> _Problem to work on_
Transcribe the records that follow, preserving every word.

[Input records — start]

lemma bary_combination:
  assumes "\<not> collinear {a, b, c}"
  shows "bary a b c y + bary b c a y + bary c a b y = 1"
    and "y = bary a b c y *\<^sub>R a + bary b c a y *\<^sub>R b + bary c a b y *\<^sub>R c"
proof -
  define D where "D = cross2 (b - a) (c - a)"
  have D: "D \<noteq> 0"
    using cross2_nonzero_if_not_collinear[OF assms] by (simp add: D_def)
  have rotate: "cross2 (c - b) (a - b) = D" "cross2 (a - c) (b - c) = D"
    by (simp_all add: D_def cross2_def algebra_simps)
  have "cross2 (b - y) (c - y) + cross2 (c - y) (a - y) + cross2 (a - y) (b - y) = D"
    by (simp add: D_def cross2_def algebra_simps)
  then show "bary a b c y + bary b c a y + bary c a b y = 1"
    using D unfolding bary_def rotate D_def[symmetric] by (simp add: add_divide_distrib[symmetric])
  have "cross2 (b - y) (c - y) *\<^sub>R a + cross2 (c - y) (a - y) *\<^sub>R b + cross2 (a - y) (b - y) *\<^sub>R c = D *\<^sub>R y"
    unfolding D_def cross2_def vec2_eq_iff by simp algebra
  then have "y = inverse D *\<^sub>R
      (cross2 (b - y) (c - y) *\<^sub>R a + cross2 (c - y) (a - y) *\<^sub>R b + cross2 (a - y) (b - y) *\<^sub>R c)"
    using D by simp
  then show "y = bary a b c y *\<^sub>R a + bary b c a y *\<^sub>R b + bary c a b y *\<^sub>R c"
    unfolding bary_def rotate D_def[symmetric] by (simp add: scaleR_add_right divide_inverse_commute)
qed

lemma mem_convex_hull_3_iff_bary:
  assumes "\<not> collinear {a, b, c}"
  shows "y \<in> convex hull {a, b, c} \<longleftrightarrow> 0 \<le> bary a b c y \<and> 0 \<le> bary b c a y \<and> 0 \<le> bary c a b y"
proof
  assume "y \<in> convex hull {a, b, c}"
  then obtain u v w where "0 \<le> u" "0 \<le> v" "0 \<le> w" "u + v + w = 1" "y = u *\<^sub>R a + v *\<^sub>R b + w *\<^sub>R c"
    unfolding convex_hull_3 by blast
  then show "0 \<le> bary a b c y \<and> 0 \<le> bary b c a y \<and> 0 \<le> bary c a b y"
    using bary_affine_combination[OF assms] by metis
next
  assume "0 \<le> bary a b c y \<and> 0 \<le> bary b c a y \<and> 0 \<le> bary c a b y"
  then show "y \<in> convex hull {a, b, c}"
    unfolding convex_hull_3 using bary_combination[OF assms, of y] by blast
qed

lemma bary_closed_segment:
  assumes "\<not> collinear {a, b, c}" and "y \<in> closed_segment a b"
  shows "bary c a b y = 0" "0 \<le> bary a b c y" "0 \<le> bary b c a y"
proof -
  obtain u where "0 \<le> u" "u \<le> 1" "y = (1 - u) *\<^sub>R a + u *\<^sub>R b + 0 *\<^sub>R c"
    using assms(2) by (auto simp: in_segment)
  with bary_affine_combination[OF assms(1) _ this(3)] show
    "bary c a b y = 0" "0 \<le> bary a b c y" "0 \<le> bary b c a y"
    by simp_all
qed

lemma bary_open_segment:
  assumes "\<not> collinear {a, b, c}" and "y \<in> open_segment a b"
  shows "bary c a b y = 0" "0 < bary a b c y" "0 < bary b c a y"
proof -
  obtain u where "0 < u" "u < 1" "y = (1 - u) *\<^sub>R a + u *\<^sub>R b + 0 *\<^sub>R c"
    using assms(2) by (auto simp: in_segment)
  with bary_affine_combination[OF assms(1) _ this(3)] show
    "bary c a b y = 0" "0 < bary a b c y" "0 < bary b c a y"
    by simp_all
qed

[Input records — finish]

> _Solved exercise_
lemma bary_combination:
  assumes "\<not> collinear {a, b, c}"
  shows "bary a b c y + bary b c a y + bary c a b y = 1"
    and "y = bary a b c y *\<^sub>R a + bary b c a y *\<^sub>R b + bary c a b y *\<^sub>R c"
proof -
  define D where "D = cross2 (b - a) (c - a)"
  have D: "D \<noteq> 0"
    using cross2_nonzero_if_not_collinear[OF assms] by (simp add: D_def)
  have rotate: "cross2 (c - b) (a - b) = D" "cross2 (a - c) (b - c) = D"
    by (simp_all add: D_def cross2_def algebra_simps)
  have "cross2 (b - y) (c - y) + cross2 (c - y) (a - y) + cross2 (a - y) (b - y) = D"
    by (simp add: D_def cross2_def algebra_simps)
  then show "bary a b c y + bary b c a y + bary c a b y = 1"
    using D unfolding bary_def rotate D_def[symmetric] by (simp add: add_divide_distrib[symmetric])
  have "cross2 (b - y) (c - y) *\<^sub>R a + cross2 (c - y) (a - y) *\<^sub>R b + cross2 (a - y) (b - y) *\<^sub>R c = D *\<^sub>R y"
    unfolding D_def cross2_def vec2_eq_iff by simp algebra
  then have "y = inverse D *\<^sub>R
      (cross2 (b - y) (c - y) *\<^sub>R a + cross2 (c - y) (a - y) *\<^sub>R b + cross2 (a - y) (b - y) *\<^sub>R c)"
    using D by simp
  then show "y = bary a b c y *\<^sub>R a + bary b c a y *\<^sub>R b + bary c a b y *\<^sub>R c"
    unfolding bary_def rotate D_def[symmetric] by (simp add: scaleR_add_right divide_inverse_commute)
qed

lemma mem_convex_hull_3_iff_bary:
  assumes "\<not> collinear {a, b, c}"
  shows "y \<in> convex hull {a, b, c} \<longleftrightarrow> 0 \<le> bary a b c y \<and> 0 \<le> bary b c a y \<and> 0 \<le> bary c a b y"
proof
  assume "y \<in> convex hull {a, b, c}"
  then obtain u v w where "0 \<le> u" "0 \<le> v" "0 \<le> w" "u + v + w = 1" "y = u *\<^sub>R a + v *\<^sub>R b + w *\<^sub>R c"
    unfolding convex_hull_3 by blast
  then show "0 \<le> bary a b c y \<and> 0 \<le> bary b c a y \<and> 0 \<le> bary c a b y"
    using bary_affine_combination[OF assms] by metis
next
  assume "0 \<le> bary a b c y \<and> 0 \<le> bary b c a y \<and> 0 \<le> bary c a b y"
  then show "y \<in> convex hull {a, b, c}"
    unfolding convex_hull_3 using bary_combination[OF assms, of y] by blast
qed

lemma bary_closed_segment:
  assumes "\<not> collinear {a, b, c}" and "y \<in> closed_segment a b"
  shows "bary c a b y = 0" "0 \<le> bary a b c y" "0 \<le> bary b c a y"
proof -
  obtain u where "0 \<le> u" "u \<le> 1" "y = (1 - u) *\<^sub>R a + u *\<^sub>R b + 0 *\<^sub>R c"
    using assms(2) by (auto simp: in_segment)
  with bary_affine_combination[OF assms(1) _ this(3)] show
    "bary c a b y = 0" "0 \<le> bary a b c y" "0 \<le> bary b c a y"
    by simp_all
qed

lemma bary_open_segment:
  assumes "\<not> collinear {a, b, c}" and "y \<in> open_segment a b"
  shows "bary c a b y = 0" "0 < bary a b c y" "0 < bary b c a y"
proof -
  obtain u where "0 < u" "u < 1" "y = (1 - u) *\<^sub>R a + u *\<^sub>R b + 0 *\<^sub>R c"
    using assms(2) by (auto simp: in_segment)
  with bary_affine_combination[OF assms(1) _ this(3)] show
    "bary c a b y = 0" "0 < bary a b c y" "0 < bary b c a y"
    by simp_all
qed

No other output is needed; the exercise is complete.